▸ **Collected data**
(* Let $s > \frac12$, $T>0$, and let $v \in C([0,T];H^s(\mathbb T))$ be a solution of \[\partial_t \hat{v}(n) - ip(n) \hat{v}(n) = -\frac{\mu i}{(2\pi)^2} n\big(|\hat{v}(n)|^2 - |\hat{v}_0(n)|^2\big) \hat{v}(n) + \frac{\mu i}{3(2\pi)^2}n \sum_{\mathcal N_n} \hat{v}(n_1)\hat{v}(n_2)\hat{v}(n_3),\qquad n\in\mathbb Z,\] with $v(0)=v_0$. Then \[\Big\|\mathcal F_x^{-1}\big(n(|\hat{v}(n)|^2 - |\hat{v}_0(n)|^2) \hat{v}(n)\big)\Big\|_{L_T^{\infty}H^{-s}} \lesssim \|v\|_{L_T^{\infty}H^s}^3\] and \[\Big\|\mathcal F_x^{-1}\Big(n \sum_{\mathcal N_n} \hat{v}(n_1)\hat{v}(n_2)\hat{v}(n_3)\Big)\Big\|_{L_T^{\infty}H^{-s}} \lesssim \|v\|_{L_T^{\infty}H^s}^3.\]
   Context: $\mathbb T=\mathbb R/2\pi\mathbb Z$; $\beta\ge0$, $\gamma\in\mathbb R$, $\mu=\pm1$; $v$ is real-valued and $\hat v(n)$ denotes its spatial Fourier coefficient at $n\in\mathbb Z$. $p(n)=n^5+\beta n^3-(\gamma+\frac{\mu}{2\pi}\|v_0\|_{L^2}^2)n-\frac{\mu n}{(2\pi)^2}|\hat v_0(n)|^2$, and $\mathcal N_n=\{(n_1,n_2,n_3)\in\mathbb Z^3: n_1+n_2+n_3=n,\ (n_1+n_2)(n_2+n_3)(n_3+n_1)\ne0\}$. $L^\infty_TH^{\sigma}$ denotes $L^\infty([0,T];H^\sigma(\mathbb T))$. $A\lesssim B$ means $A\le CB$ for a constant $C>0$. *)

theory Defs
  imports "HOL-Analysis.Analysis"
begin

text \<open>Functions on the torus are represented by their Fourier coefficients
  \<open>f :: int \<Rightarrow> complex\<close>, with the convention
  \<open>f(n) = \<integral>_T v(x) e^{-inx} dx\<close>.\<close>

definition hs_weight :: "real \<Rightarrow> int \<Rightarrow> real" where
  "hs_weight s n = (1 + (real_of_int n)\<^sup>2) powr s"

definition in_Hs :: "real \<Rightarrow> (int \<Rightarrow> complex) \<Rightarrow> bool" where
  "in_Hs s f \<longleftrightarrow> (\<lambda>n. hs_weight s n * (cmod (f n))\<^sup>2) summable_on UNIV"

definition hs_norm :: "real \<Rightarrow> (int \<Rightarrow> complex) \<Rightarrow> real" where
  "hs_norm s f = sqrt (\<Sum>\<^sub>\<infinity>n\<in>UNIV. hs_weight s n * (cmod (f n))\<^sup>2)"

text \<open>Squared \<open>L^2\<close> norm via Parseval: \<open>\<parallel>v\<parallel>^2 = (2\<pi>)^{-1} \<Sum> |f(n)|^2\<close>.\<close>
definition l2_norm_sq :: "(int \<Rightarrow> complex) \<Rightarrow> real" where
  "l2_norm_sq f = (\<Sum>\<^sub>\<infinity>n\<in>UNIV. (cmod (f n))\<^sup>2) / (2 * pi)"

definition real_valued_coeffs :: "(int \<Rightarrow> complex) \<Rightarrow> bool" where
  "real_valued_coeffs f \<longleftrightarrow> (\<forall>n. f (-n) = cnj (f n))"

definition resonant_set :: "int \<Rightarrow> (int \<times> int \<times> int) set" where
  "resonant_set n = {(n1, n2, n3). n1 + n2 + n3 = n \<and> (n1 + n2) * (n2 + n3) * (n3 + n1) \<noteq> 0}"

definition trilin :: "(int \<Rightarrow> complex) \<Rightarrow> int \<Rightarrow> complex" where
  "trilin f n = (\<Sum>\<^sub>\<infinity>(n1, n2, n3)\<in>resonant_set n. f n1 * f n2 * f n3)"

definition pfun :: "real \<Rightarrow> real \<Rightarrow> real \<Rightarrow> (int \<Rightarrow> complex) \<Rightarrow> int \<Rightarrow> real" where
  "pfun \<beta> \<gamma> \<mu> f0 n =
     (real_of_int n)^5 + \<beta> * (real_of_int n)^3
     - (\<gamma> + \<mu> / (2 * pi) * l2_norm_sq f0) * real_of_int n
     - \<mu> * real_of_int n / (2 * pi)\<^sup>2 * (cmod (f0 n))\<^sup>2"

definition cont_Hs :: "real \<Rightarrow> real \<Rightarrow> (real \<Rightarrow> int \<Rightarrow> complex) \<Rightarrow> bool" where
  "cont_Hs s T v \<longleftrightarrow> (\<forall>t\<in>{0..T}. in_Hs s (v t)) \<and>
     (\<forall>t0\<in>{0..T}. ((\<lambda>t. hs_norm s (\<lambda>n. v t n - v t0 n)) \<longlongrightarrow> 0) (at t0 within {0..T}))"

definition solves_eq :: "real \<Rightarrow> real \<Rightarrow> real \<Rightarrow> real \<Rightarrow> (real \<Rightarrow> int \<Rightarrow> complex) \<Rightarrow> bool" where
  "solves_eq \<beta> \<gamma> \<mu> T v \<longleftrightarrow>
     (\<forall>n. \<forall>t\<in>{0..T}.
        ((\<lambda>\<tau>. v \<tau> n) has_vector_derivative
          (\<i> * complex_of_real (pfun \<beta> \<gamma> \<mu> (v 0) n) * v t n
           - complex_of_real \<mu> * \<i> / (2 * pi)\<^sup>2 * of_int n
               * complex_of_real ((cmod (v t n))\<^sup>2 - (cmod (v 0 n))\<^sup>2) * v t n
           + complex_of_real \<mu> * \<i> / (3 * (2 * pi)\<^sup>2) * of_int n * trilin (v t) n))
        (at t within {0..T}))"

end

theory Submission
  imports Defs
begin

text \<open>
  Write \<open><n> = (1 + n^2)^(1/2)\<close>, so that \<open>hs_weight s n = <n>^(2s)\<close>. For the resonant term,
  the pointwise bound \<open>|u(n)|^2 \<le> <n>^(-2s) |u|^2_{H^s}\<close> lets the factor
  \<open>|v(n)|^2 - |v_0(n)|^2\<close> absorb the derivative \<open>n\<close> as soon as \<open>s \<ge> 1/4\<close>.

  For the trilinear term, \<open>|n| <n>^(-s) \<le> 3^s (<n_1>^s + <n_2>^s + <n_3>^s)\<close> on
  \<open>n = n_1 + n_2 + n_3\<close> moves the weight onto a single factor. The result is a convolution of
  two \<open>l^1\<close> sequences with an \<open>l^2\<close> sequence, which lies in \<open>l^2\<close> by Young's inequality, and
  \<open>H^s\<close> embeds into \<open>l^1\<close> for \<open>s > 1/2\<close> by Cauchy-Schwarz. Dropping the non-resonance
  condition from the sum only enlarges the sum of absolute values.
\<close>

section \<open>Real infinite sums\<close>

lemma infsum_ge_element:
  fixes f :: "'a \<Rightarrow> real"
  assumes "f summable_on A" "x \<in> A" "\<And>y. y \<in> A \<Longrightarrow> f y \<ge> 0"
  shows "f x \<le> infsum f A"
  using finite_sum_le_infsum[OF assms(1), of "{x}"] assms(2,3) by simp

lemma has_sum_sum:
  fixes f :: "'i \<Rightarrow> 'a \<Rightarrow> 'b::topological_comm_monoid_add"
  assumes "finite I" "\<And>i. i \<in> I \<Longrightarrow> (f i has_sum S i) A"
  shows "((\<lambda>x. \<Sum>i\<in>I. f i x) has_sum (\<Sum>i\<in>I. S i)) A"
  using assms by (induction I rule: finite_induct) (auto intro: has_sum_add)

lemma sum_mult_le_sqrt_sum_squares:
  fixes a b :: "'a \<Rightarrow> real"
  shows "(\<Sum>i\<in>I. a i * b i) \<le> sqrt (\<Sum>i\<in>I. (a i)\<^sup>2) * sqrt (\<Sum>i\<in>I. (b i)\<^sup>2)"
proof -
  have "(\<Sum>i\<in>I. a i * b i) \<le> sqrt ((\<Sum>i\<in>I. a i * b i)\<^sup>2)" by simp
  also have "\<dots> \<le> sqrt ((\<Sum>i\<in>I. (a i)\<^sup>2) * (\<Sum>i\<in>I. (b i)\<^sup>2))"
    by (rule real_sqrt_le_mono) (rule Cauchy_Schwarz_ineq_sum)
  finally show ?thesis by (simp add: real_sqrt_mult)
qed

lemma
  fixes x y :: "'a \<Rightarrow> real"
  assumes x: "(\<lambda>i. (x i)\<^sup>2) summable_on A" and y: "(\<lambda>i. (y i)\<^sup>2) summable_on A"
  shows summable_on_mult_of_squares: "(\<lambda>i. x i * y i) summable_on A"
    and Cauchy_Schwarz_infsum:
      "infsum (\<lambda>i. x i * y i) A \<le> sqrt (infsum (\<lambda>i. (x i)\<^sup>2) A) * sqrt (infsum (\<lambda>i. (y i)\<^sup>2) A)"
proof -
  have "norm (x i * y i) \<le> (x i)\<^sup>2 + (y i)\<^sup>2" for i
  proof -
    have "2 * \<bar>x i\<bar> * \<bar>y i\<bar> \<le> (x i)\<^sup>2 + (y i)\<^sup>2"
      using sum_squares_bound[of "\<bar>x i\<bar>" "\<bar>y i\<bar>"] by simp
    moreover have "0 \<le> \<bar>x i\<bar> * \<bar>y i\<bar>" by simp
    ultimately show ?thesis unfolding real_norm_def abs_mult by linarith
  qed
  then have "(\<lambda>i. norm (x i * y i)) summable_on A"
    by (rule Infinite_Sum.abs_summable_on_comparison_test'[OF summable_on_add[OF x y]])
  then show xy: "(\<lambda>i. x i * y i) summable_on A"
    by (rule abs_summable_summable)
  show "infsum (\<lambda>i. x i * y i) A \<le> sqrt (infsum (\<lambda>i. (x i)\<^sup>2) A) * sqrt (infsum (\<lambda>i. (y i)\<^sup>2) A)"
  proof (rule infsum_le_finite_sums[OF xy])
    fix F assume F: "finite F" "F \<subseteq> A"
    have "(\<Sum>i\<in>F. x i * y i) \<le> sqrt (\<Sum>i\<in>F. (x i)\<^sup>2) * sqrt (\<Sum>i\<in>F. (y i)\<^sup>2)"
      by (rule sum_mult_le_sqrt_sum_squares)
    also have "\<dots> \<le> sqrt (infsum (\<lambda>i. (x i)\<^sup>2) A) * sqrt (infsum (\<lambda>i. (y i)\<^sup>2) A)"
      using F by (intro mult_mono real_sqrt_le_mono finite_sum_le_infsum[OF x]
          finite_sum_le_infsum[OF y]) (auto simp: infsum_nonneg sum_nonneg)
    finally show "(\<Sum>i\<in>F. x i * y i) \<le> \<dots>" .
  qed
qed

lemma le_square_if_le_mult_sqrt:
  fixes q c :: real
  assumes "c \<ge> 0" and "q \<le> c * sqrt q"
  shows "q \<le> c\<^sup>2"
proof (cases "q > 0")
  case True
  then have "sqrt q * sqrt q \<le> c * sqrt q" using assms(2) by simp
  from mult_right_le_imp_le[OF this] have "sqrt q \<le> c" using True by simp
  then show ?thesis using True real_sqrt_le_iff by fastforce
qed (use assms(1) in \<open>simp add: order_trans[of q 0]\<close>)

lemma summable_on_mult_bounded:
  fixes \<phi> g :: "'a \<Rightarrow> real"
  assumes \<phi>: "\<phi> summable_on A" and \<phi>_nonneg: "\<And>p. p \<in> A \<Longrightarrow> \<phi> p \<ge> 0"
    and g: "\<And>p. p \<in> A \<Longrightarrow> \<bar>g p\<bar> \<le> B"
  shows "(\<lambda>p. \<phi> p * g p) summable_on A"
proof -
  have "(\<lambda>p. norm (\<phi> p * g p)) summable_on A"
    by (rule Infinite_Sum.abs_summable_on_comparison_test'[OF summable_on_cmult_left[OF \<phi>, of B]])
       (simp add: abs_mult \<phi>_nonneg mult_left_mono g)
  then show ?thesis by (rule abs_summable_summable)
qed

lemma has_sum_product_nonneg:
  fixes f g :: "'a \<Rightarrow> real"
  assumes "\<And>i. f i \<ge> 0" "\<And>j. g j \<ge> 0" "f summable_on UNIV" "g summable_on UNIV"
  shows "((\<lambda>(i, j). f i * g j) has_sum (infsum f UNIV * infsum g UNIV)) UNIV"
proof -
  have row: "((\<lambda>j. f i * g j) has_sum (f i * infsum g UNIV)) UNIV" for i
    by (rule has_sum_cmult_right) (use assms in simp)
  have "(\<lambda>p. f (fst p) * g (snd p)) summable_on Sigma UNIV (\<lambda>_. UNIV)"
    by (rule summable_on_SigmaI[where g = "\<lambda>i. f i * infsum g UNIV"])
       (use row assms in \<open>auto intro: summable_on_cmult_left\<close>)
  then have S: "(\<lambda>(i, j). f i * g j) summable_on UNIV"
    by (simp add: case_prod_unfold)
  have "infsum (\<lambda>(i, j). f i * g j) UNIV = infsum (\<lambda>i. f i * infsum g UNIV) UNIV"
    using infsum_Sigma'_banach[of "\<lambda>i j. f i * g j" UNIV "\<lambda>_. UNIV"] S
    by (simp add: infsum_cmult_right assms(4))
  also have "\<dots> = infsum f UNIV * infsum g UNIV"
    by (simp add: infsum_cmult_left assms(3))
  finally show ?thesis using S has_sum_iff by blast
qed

▸ **Assigned task**
Reading through the records above, report each line in which the string "term" is found.

▸ **Exercise result**
  Write \<open><n> = (1 + n^2)^(1/2)\<close>, so that \<open>hs_weight s n = <n>^(2s)\<close>. For the resonant term,
  For the trilinear term, \<open>|n| <n>^(-s) \<le> 3^s (<n_1>^s + <n_2>^s + <n_3>^s)\<close> on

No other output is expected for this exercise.